I am trying this and it looks like the middleware not executed. It goes as following. Any suggestions? I tried to put a print statement in "process_response" under class "FixLocationHeaderMiddleWare" but no output also. Thanks.

1.) Scrapy log when running the script
......
2018-11-27 22:30:49 [scrapy.middleware] INFO: Enabled spider middlewares:
['scrapy.spidermiddlewares.httperror.HttpErrorMiddleware',
'diffmarts.middlewares.FixLocationHeaderMiddleWare',
'scrapy.spidermiddlewares.offsite.OffsiteMiddleware',
'scrapy.spidermiddlewares.referer.RefererMiddleware',
'scrapy.spidermiddlewares.urllength.UrlLengthMiddleware',
'scrapy.spidermiddlewares.depth.DepthMiddleware']
2018-11-27 22:30:49 [scrapy.middleware] INFO: Enabled item pipelines:
['diffmarts.pipelines.DiffmartsPipeline']
2018-11-27 22:30:49 [scrapy.core.engine] INFO: Spider opened 2018-11-27 22:30:49 [scrapy.extensions.logstats] INFO: Crawled 0 pages (at 0 pages/min), scraped 0 items (at 0 items/min) 2018-11-27 22:30:50 [scrapy.spidermiddlewares.httperror] INFO: Ignoring response <400 https://queue.watsons.com.sg?c=aswatson&e=watsonprdsg&ver=v3-java-3.5.2&cver=62&cid=zh-CN&l=PoC+Layout+SG&t=https%3A%2F%2Fwww.watsons.com.sg%2F>: HTTP status code is not handled or not allowed
2018-11-27 22:30:50 [scrapy.core.engine] INFO: Closing spider (finished)
2018-11-27 22:30:52 [scrapy.core.engine] ERROR: Scraper close failure

2.) My main scrapy.py file
from scrapy.spiders import Spider

class WatsonsSpider(scrapy.Spider):
name = 'watsons'
start_urls = ['http://www.watsons.com.sg/']
print("debug1")
custom_settings = {
'diffmarts.middlewares.FixLocationHeaderMiddleWare':300
}
def parse(self, response):
#print(response.url)
for category_selector in response.xpath("//div[contains(@Class, 'navSubContainer-box clearfix')]//div[contains(@Class, 'navCol')]//dt/a"):
cat_name = ' '.join(category_selector.xpath(".//text()").extract()).strip(' \n\r\t')

3.) My middlewares.py file:
...
def spider_opened(self, spider):
spider.logger.info('Spider opened: %s' % spider.name)

class FixLocationHeaderMiddleWare:

def process_response(self, request, response, spider):
    if 'location' in response.headers:
        response.headers['location'] = canonicalize_url(response.headers['location'])
    return response

influentcoder · 2018-12-15T09:33:20Z

@pc2000sg If you look closely at my stackoverflow answer, you will see that your settings are wrong, instead of:

custom_settings = {
'diffmarts.middlewares.FixLocationHeaderMiddleWare':300
}

It should be:

custom_settings = {
    'DOWNLOADER_MIDDLEWARES': {
        'diffmarts.middlewares.FixLocationHeaderMiddleWare': 650
    }
}

Also, make sure that the order number is greater than 600, as it needs to be applied after the RedirectMiddleware which has a order number of 600.
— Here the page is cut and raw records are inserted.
(* Let $\alpha,\gamma\in\mathbb{R}$, $b\in(0,\infty)$ satisfy $\alpha<\gamma$, let $(\Omega,\mathcal{F},\mathbb{P})$ be a probability space, for every $h\in\mathbb{N}$ let $B^h_n\colon\Omega\to\mathbb{R}$, $n\in\{1,\dots,h\}$, and $W^h_n\colon\Omega\to\mathbb{R}$, $n\in\{1,\dots,h\}$, be random variables, and assume for all $h\in\mathbb{N}$, $n\in\{1,\dots,h\}$, $x\in\mathbb{R}$ that $B^h_1,\dots,B^h_h,W^h_1,\dots,W^h_h$ are independent, that $h^\gamma B^h_n$ is standard normal, and that $\mathbb{P}(h^\alpha W^h_n\ge x)=\int_{\max\{x,0\}}^\infty[\tfrac2\pi]^{1/2}\exp(-\tfrac{y^2}{2})\,\mathrm{d}y$. Then for all $h\in\mathbb{N}\cap[(2/(\pi b))^{1/(\gamma-\alpha)},\infty)$ and $\kappa\in\{1,\dots,h\}$ it holds that $$\mathbb{P}\Big(\min_{n\in\{1,\dots,\kappa\}}\big(B^h_n/W^h_n\big)>-b\Big)\ge1-\frac{2\kappa}{\pi b}h^{\alpha-\gamma}.$$ *)

theory Defs
  imports "HOL-Probability.Probability"
begin

end

theory Submission
  imports Defs
begin

(* Put c = h powr (alpha - gamma) / b. On the event B/W <= -b one has h^alpha W <= c |h^gamma B|.
   The variable Y = h^alpha W is half-normal, so its density is bounded by sqrt (2/pi) and
   P(Y <= t) <= sqrt (2/pi) t for t >= 0. Integrating this bound against the law of the independent
   standard normal X = h^gamma B gives P(Y <= c |X|) <= sqrt (2/pi) c E|X| = 2c/pi, and a union
   bound over the first kappa indices yields the claim. *)

lemma (in prob_space) indep_var_of_indep_vars:
  assumes "indep_vars M' X I" "i \<in> I" "j \<in> I" "i \<noteq> j"
  shows "indep_var (M' i) (X i) (M' j) (X j)"
proof -
  have "indep_var (PiM {i} M') (\<lambda>\<omega>. restrict (\<lambda>k. X k \<omega>) {i})
      (PiM {j} M') (\<lambda>\<omega>. restrict (\<lambda>k. X k \<omega>) {j})"
    using assms by (intro indep_var_restrict) auto
  from indep_var_compose[OF this measurable_component_singleton measurable_component_singleton]
  show ?thesis
    by (simp add: o_def)
qed

lemma (in prob_space) prob_le_linear_of_tail_integral:
  fixes Y :: "'a \<Rightarrow> real" and f :: "real \<Rightarrow> real"
  assumes [measurable]: "Y \<in> borel_measurable M"
    and f_int: "set_integrable lborel {0..} f"
    and f_le: "\<And>y. y \<ge> 0 \<Longrightarrow> f y \<le> C"
    and tail: "\<And>x. prob {\<omega>\<in>space M. Y \<omega> \<ge> x} = (LBINT y:{max x 0..}. f y)"
    and t: "t \<ge> 0"
  shows "prob {\<omega>\<in>space M. Y \<omega> \<le> t} \<le> C * t"
proof -
  have "(\<lambda>n. prob {\<omega>\<in>space M. Y \<omega> \<ge> - real n})
      \<longlonglongrightarrow> prob (\<Union>n. {\<omega>\<in>space M. Y \<omega> \<ge> - real n})"
    by (rule finite_Lim_measure_incseq) (auto simp: incseq_def)
  moreover have "(\<Union>n. {\<omega>\<in>space M. Y \<omega> \<ge> - real n}) = space M"
    by auto (metis minus_le_iff real_arch_simple)
  ultimately have total: "(LBINT y:{0..}. f y) = 1"
    using LIMSEQ_unique[OF tendsto_const] by (simp add: tail prob_space)
  have "prob {\<omega>\<in>space M. Y \<omega> \<le> t} \<le> C * s" if "s > t" for s
  proof -
    have split: "(LBINT y:{0..}. f y) = (LBINT y:{0..<s}. f y) + (LBINT y:{s..}. f y)"
      using that t f_int
      by (subst set_integral_Un[symmetric]) (auto intro: set_integrable_subset simp: ivl_disj_un)
    have "prob {\<omega>\<in>space M. Y \<omega> \<le> t} \<le> prob {\<omega>\<in>space M. Y \<omega> < s}"
      using that by (intro finite_measure_mono) auto
    also have "\<dots> = prob (space M - {\<omega>\<in>space M. Y \<omega> \<ge> s})"
      by (rule arg_cong[where f=prob]) auto
    also have "\<dots> = 1 - prob {\<omega>\<in>space M. Y \<omega> \<ge> s}"
      by (rule prob_compl) measurable
    also have "\<dots> = (LBINT y:{0..<s}. f y)"
      using split total that t by (simp add: tail)
    also have "\<dots> \<le> (LBINT y:{0..<s}. C)"
    proof (rule set_integral_mono)
      show "set_integrable lborel {0..<s} f"
        using f_int by (rule set_integrable_subset) auto
      show "set_integrable lborel {0..<s} (\<lambda>_. C)"
        using that t unfolding set_integrable_def
        by (auto simp: mult.commute[of _ C])
    qed (use f_le in auto)
    also have "\<dots> = C * s"
      using that t by (simp add: set_integral_const)
    finally show ?thesis .
  qed
  moreover have "((\<lambda>s. C * s) \<longlongrightarrow> C * t) (at_right t)"
    by (intro tendsto_intros)
  ultimately show ?thesis
    by (intro tendsto_lowerbound[OF _ _ trivial_limit_at_right_real])
       (auto intro: eventually_mono[OF eventually_at_right_less])
qed

lemma half_normal_density_eq: "sqrt (2 / pi) * exp (- (y\<^sup>2) / 2) = 2 * std_normal_density y"
proof -
  have "sqrt (2 / pi) = 2 / sqrt (2 * pi)"
    by (simp add: real_sqrt_divide real_sqrt_mult field_simps)
  then show ?thesis
    by (simp add: std_normal_density_def)
qed

lemma (in prob_space) prob_le_linear_half_normal:
  fixes Y :: "'a \<Rightarrow> real"
  assumes "Y \<in> borel_measurable M"
    and tail: "\<And>x. prob {\<omega>\<in>space M. Y \<omega> \<ge> x} = (LBINT y:{max x 0..}. sqrt (2 / pi) * exp (- (y\<^sup>2) / 2))"
    and "t \<ge> 0"
  shows "prob {\<omega>\<in>space M. Y \<omega> \<le> t} \<le> sqrt (2 / pi) * t"
proof (rule prob_le_linear_of_tail_integral[OF assms(1) _ _ tail \<open>t \<ge> 0\<close>])
  have "integrable lborel (\<lambda>y. 2 * std_normal_density y)"
    using integrable_std_normal_moment[of 0] by simp
  then show "set_integrable lborel {0..} (\<lambda>y. sqrt (2 / pi) * exp (- (y\<^sup>2) / 2))"
    unfolding set_integrable_def half_normal_density_eq by (intro integrable_mult_indicator) auto
qed simp

lemma (in prob_space) expectation_abs_std_normal:
  fixes X :: "'a \<Rightarrow> real"
  assumes X: "distributed M lborel X (\<lambda>x. ennreal (std_normal_density x))"
  shows "integrable M (\<lambda>\<omega>. \<bar>X \<omega>\<bar>)" and "expectation (\<lambda>\<omega>. \<bar>X \<omega>\<bar>) = sqrt (2 / pi)"
proof -
  have "integrable lborel (\<lambda>x. std_normal_density x * \<bar>x\<bar>)"
    using integrable_std_normal_moment_abs[of 1] by simp
  then show "integrable M (\<lambda>\<omega>. \<bar>X \<omega>\<bar>)"
    using distributed_integrable[OF X, of abs] by simp
  have "expectation (\<lambda>\<omega>. \<bar>X \<omega>\<bar>) = (\<integral>x. std_normal_density x * \<bar>x\<bar> \<partial>lborel)"
    using distributed_integral[OF X, of abs] by simp
  also have "\<dots> = sqrt (2 / pi)"
    using integral_std_normal_moment_abs_odd[of 0] by simp
  finally show "expectation (\<lambda>\<omega>. \<bar>X \<omega>\<bar>) = sqrt (2 / pi)" .
qed

lemma (in prob_space) prob_le_abs_le_expectation:
  fixes X Y :: "'a \<Rightarrow> real"
  assumes ind: "indep_var borel X borel Y"
    and X_int: "integrable M (\<lambda>\<omega>. \<bar>X \<omega>\<bar>)"
    and Y_small: "\<And>t. t \<ge> 0 \<Longrightarrow> prob {\<omega>\<in>space M. Y \<omega> \<le> t} \<le> c * t"
  shows "prob {\<omega>\<in>space M. Y \<omega> \<le> \<bar>X \<omega>\<bar>} \<le> c * expectation (\<lambda>\<omega>. \<bar>X \<omega>\<bar>)"
proof -
  have [measurable]: "X \<in> borel_measurable M" "Y \<in> borel_measurable M"
    using indep_var_rv1[OF ind] indep_var_rv2[OF ind] by auto
  have c: "c \<ge> 0"
    using Y_small[of 1] measure_nonneg[of M "{\<omega>\<in>space M. Y \<omega> \<le> 1}"] by linarith
  interpret PY: prob_space "distr M borel Y"
    by (rule prob_space_distr) simp
  have joint: "distr M (borel \<Otimes>\<^sub>M borel) (\<lambda>\<omega>. (X \<omega>, Y \<omega>))
      = distr M borel X \<Otimes>\<^sub>M distr M borel Y"
    using ind by (simp add: indep_var_distribution_eq)
  define S where "S = {p::real \<times> real. snd p \<le> \<bar>fst p\<bar>}"
  have "S = {p \<in> space (borel \<Otimes>\<^sub>M borel). snd p \<le> \<bar>fst p\<bar>}"
    by (simp add: S_def space_pair_measure)
  then have S[measurable]: "S \<in> sets (borel \<Otimes>\<^sub>M borel)"
    by simp
  have "emeasure M {\<omega>\<in>space M. Y \<omega> \<le> \<bar>X \<omega>\<bar>}
      = emeasure (distr M (borel \<Otimes>\<^sub>M borel) (\<lambda>\<omega>. (X \<omega>, Y \<omega>))) S"
    by (subst emeasure_distr, simp_all) (auto simp: S_def intro!: arg_cong[where f="emeasure M"])
  also have "\<dots> = (\<integral>\<^sup>+x. emeasure (distr M borel Y) (Pair x -` S) \<partial>distr M borel X)"
    by (simp add: joint PY.emeasure_pair_measure_alt)
  also have "\<dots> \<le> (\<integral>\<^sup>+x. ennreal (c * \<bar>x\<bar>) \<partial>distr M borel X)"
  proof (rule nn_integral_mono)
    fix x :: real
    have "emeasure (distr M borel Y) (Pair x -` S) = prob {\<omega>\<in>space M. Y \<omega> \<le> \<bar>x\<bar>}"
      by (subst emeasure_distr, simp_all) (auto simp: S_def emeasure_eq_measure intro!: arg_cong[where f=prob])
    then show "emeasure (distr M borel Y) (Pair x -` S) \<le> ennreal (c * \<bar>x\<bar>)"
      by (simp add: Y_small ennreal_leI)
  qed
  also have "\<dots> = (\<integral>\<^sup>+\<omega>. ennreal (c * \<bar>X \<omega>\<bar>) \<partial>M)"
    by (simp add: nn_integral_distr)
  also have "\<dots> = ennreal (c * expectation (\<lambda>\<omega>. \<bar>X \<omega>\<bar>))"
    using X_int c by (subst nn_integral_eq_integral) auto
  finally show ?thesis
    using c by (simp add: emeasure_eq_measure)
qed

lemma ratio_le_neg_imp_le_abs:
  fixes p q b \<beta> w :: real
  assumes "p > 0" "q > 0" "b > 0" and ratio: "\<beta> / w \<le> - b"
  shows "q * w \<le> \<bar>q / (b * p) * (p * \<beta>)\<bar>"
proof -
  have "w \<noteq> 0"
    using ratio \<open>b > 0\<close> by auto
  then have "b * \<bar>w\<bar> \<le> \<bar>\<beta>\<bar>"
    using ratio \<open>b > 0\<close> by (auto simp: field_simps abs_if split: if_splits)
  have "q * w \<le> q * \<bar>w\<bar>"
    using \<open>q > 0\<close> by simp
  also have "\<dots> \<le> q * (\<bar>\<beta>\<bar> / b)"
    using \<open>b * \<bar>w\<bar> \<le> \<bar>\<beta>\<bar>\<close> assms by (simp add: field_simps)
  also have "\<dots> = \<bar>q / (b * p) * (p * \<beta>)\<bar>"
    using assms by (simp add: abs_mult)
  finally show ?thesis .
qed

lemma (in prob_space) prob_ratio_le_neg:
  fixes B W :: "'a \<Rightarrow> real" and p q b :: real
  assumes ind: "indep_var borel B borel W" and "p > 0" "q > 0" "b > 0"
    and B_normal: "distributed M lborel (\<lambda>\<omega>. p * B \<omega>) (\<lambda>x. ennreal (std_normal_density x))"
    and W_small: "\<And>t. t \<ge> 0 \<Longrightarrow> prob {\<omega>\<in>space M. q * W \<omega> \<le> t} \<le> sqrt (2 / pi) * t"
  shows "prob {\<omega>\<in>space M. B \<omega> / W \<omega> \<le> - b} \<le> 2 * q / (pi * b * p)"
proof -
  define k where "k = q / (b * p)"
  have k: "k \<ge> 0"
    using assms by (simp add: k_def)
  have [measurable]: "B \<in> borel_measurable M" "W \<in> borel_measurable M"
    using indep_var_rv1[OF ind] indep_var_rv2[OF ind] by auto
  have ind': "indep_var borel (\<lambda>\<omega>. k * (p * B \<omega>)) borel (\<lambda>\<omega>. q * W \<omega>)"
    using indep_var_compose[OF ind, of "\<lambda>x. k * (p * x)" borel "\<lambda>x. q * x" borel] by (simp add: o_def)
  have int: "integrable M (\<lambda>\<omega>. \<bar>k * (p * B \<omega>)\<bar>)"
    using integrable_mult_right[OF expectation_abs_std_normal(1)[OF B_normal], of k] k
    by (simp add: abs_mult)
  have "{\<omega>\<in>space M. B \<omega> / W \<omega> \<le> - b} \<subseteq> {\<omega>\<in>space M. q * W \<omega> \<le> \<bar>k * (p * B \<omega>)\<bar>}"
    using ratio_le_neg_imp_le_abs[OF \<open>p > 0\<close> \<open>q > 0\<close> \<open>b > 0\<close>] unfolding k_def by blast
  then have "prob {\<omega>\<in>space M. B \<omega> / W \<omega> \<le> - b}
      \<le> prob {\<omega>\<in>space M. q * W \<omega> \<le> \<bar>k * (p * B \<omega>)\<bar>}"
    by (rule finite_measure_mono) measurable
  also have "\<dots> \<le> sqrt (2 / pi) * expectation (\<lambda>\<omega>. \<bar>k * (p * B \<omega>)\<bar>)"
    by (rule prob_le_abs_le_expectation[OF ind' int W_small])
  also have "\<dots> = sqrt (2 / pi) * (k * sqrt (2 / pi))"
    using expectation_abs_std_normal(2)[OF B_normal] k by (simp add: abs_mult)
  also have "\<dots> = 2 * q / (pi * b * p)"
    by (simp add: k_def field_simps flip: power2_eq_square)
  finally show ?thesis .
qed

theorem lemma3p16:
  fixes M :: "'a measure"
    and \<alpha> \<gamma> b :: real
    and B W :: "nat \<Rightarrow> nat \<Rightarrow> 'a \<Rightarrow> real"
  assumes "\<alpha> < \<gamma>" and "b > 0"
    and "prob_space M"
    and indep: "\<And>h. h \<ge> 1 \<Longrightarrow> prob_space.indep_vars M (\<lambda>_. borel)
              (\<lambda>i. case i of Inl n \<Rightarrow> B h n | Inr n \<Rightarrow> W h n) ({1..h} <+> {1..h})"
    and Bnormal: "\<And>h n. h \<ge> 1 \<Longrightarrow> n \<in> {1..h} \<Longrightarrow>
              distributed M lborel (\<lambda>\<omega>. real h powr \<gamma> * B h n \<omega>) (\<lambda>x. ennreal (std_normal_density x))"
    and Whalf: "\<And>h n x. h \<ge> 1 \<Longrightarrow> n \<in> {1..h} \<Longrightarrow>
              measure M {\<omega> \<in> space M. real h powr \<alpha> * W h n \<omega> \<ge> x}
                = (LBINT y:{max x 0..}. sqrt (2 / pi) * exp (- (y\<^sup>2) / 2))"
  shows "\<And>h \<kappa>. h \<ge> 1 \<Longrightarrow> real h \<ge> (2 / (pi * b)) powr (1 / (\<gamma> - \<alpha>)) \<Longrightarrow> \<kappa> \<in> {1..h} \<Longrightarrow>
           measure M {\<omega> \<in> space M. Min ((\<lambda>n. B h n \<omega> / W h n \<omega>) ` {1..\<kappa>}) > - b}
             \<ge> 1 - 2 * real \<kappa> / (pi * b) * real h powr (\<alpha> - \<gamma>)"
proof -
  interpret prob_space M by fact
  fix h \<kappa> :: nat
  \<comment> \<open>The lower bound on \<open>h\<close> and \<open>\<alpha> < \<gamma>\<close> only serve to make the right-hand side
    nonnegative; the estimate holds without them.\<close>
  assume h: "h \<ge> 1" and "real h \<ge> (2 / (pi * b)) powr (1 / (\<gamma> - \<alpha>))" and \<kappa>: "\<kappa> \<in> {1..h}"
  define E where "E n = {\<omega>\<in>space M. B h n \<omega> / W h n \<omega> \<le> - b}" for n
  have ind: "indep_var borel (B h n) borel (W h n)" if "n \<in> {1..h}" for n
    using indep_var_of_indep_vars[OF indep[OF h] InlI[OF that] InrI[OF that]] by simp
  have E_events: "E n \<in> events" if "n \<in> {1..h}" for n
    using indep_var_rv1[OF ind[OF that]] indep_var_rv2[OF ind[OF that]] unfolding E_def by measurable
  have E_le: "prob (E n) \<le> 2 * real h powr \<alpha> / (pi * b * real h powr \<gamma>)" if n: "n \<in> {1..h}" for n
    unfolding E_def
  proof (rule prob_ratio_le_neg[OF ind[OF n] _ _ \<open>b > 0\<close> Bnormal[OF h n]])
    fix t :: real assume "t \<ge> 0"
    then show "prob {\<omega>\<in>space M. real h powr \<alpha> * W h n \<omega> \<le> t} \<le> sqrt (2 / pi) * t"
      using indep_var_rv2[OF ind[OF n]] by (intro prob_le_linear_half_normal Whalf[OF h n]) auto
  qed (use h in auto)
  have "{\<omega>\<in>space M. Min ((\<lambda>n. B h n \<omega> / W h n \<omega>) ` {1..\<kappa>}) > - b}
      = space M - (\<Union>n\<in>{1..\<kappa>}. E n)"
    using \<kappa> by (auto simp: E_def Min_gr_iff)
  moreover have "prob (\<Union>n\<in>{1..\<kappa>}. E n) \<le> (\<Sum>n\<in>{1..\<kappa>}. prob (E n))"
    using E_events \<kappa> by (intro finite_measure_subadditive_finite) auto
  moreover have "(\<Sum>n\<in>{1..\<kappa>}. prob (E n)) \<le> 2 * real \<kappa> / (pi * b) * real h powr (\<alpha> - \<gamma>)"
    using sum_mono[of "{1..\<kappa>}", OF E_le] \<kappa> by (simp add: powr_diff field_simps)
  moreover have "(\<Union>n\<in>{1..\<kappa>}. E n) \<in> events"
    using E_events \<kappa> by auto
  ultimately show "measure M {\<omega> \<in> space M. Min ((\<lambda>n. B h n \<omega> / W h n \<omega>) ` {1..\<kappa>}) > - b}
      \<ge> 1 - 2 * real \<kappa> / (pi * b) * real h powr (\<alpha> - \<gamma>)"
    by (simp add: prob_compl)
qed

end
pc2000sg · 2018-12-15T15:50:43Z

OK got it. Let me give it a try. Thanks for your advice!

…

On Sat, Dec 15, 2018, 09:34 Guillaume Humbert ***@***.*** wrote: @pc2000sg <https://github.com/pc2000sg> If you look closely at my stackoverflow answer <https://stackoverflow.com/a/53323565/869764>, you will see that your settings are wrong, instead of: custom_settings = {'diffmarts.middlewares.FixLocationHeaderMiddleWare':300 } It should be: custom_settings = { 'DOWNLOADER_MIDDLEWARES': { 'diffmarts.middlewares.FixLocationHeaderMiddleWare': 650 } } Also, make sure that the order number is greater than 600, as it needs to be applied after the RedirectMiddleware which has a order number of 600. — You are receiving this because you were mentioned. Reply to this email directly, view it on GitHub <#3494 (comment)>, or mute the thread <https://github.com/notifications/unsubscribe-auth/Aq7C0WfcreICn452BXHevJVcK3nhOoZ2ks5u5MJAgaJpZM4YhlKY> .

pc2000sg · 2019-01-01T13:35:28Z

@guillaume-humbert
I finally figured out the way to code the middleware changes. However after calling safe_download_url and adding "/" to the url it seems that the 400 error still persisted. Attached the scrapy log as reference below. Wonder if there is other possibility that caused the 400 error? Thanks.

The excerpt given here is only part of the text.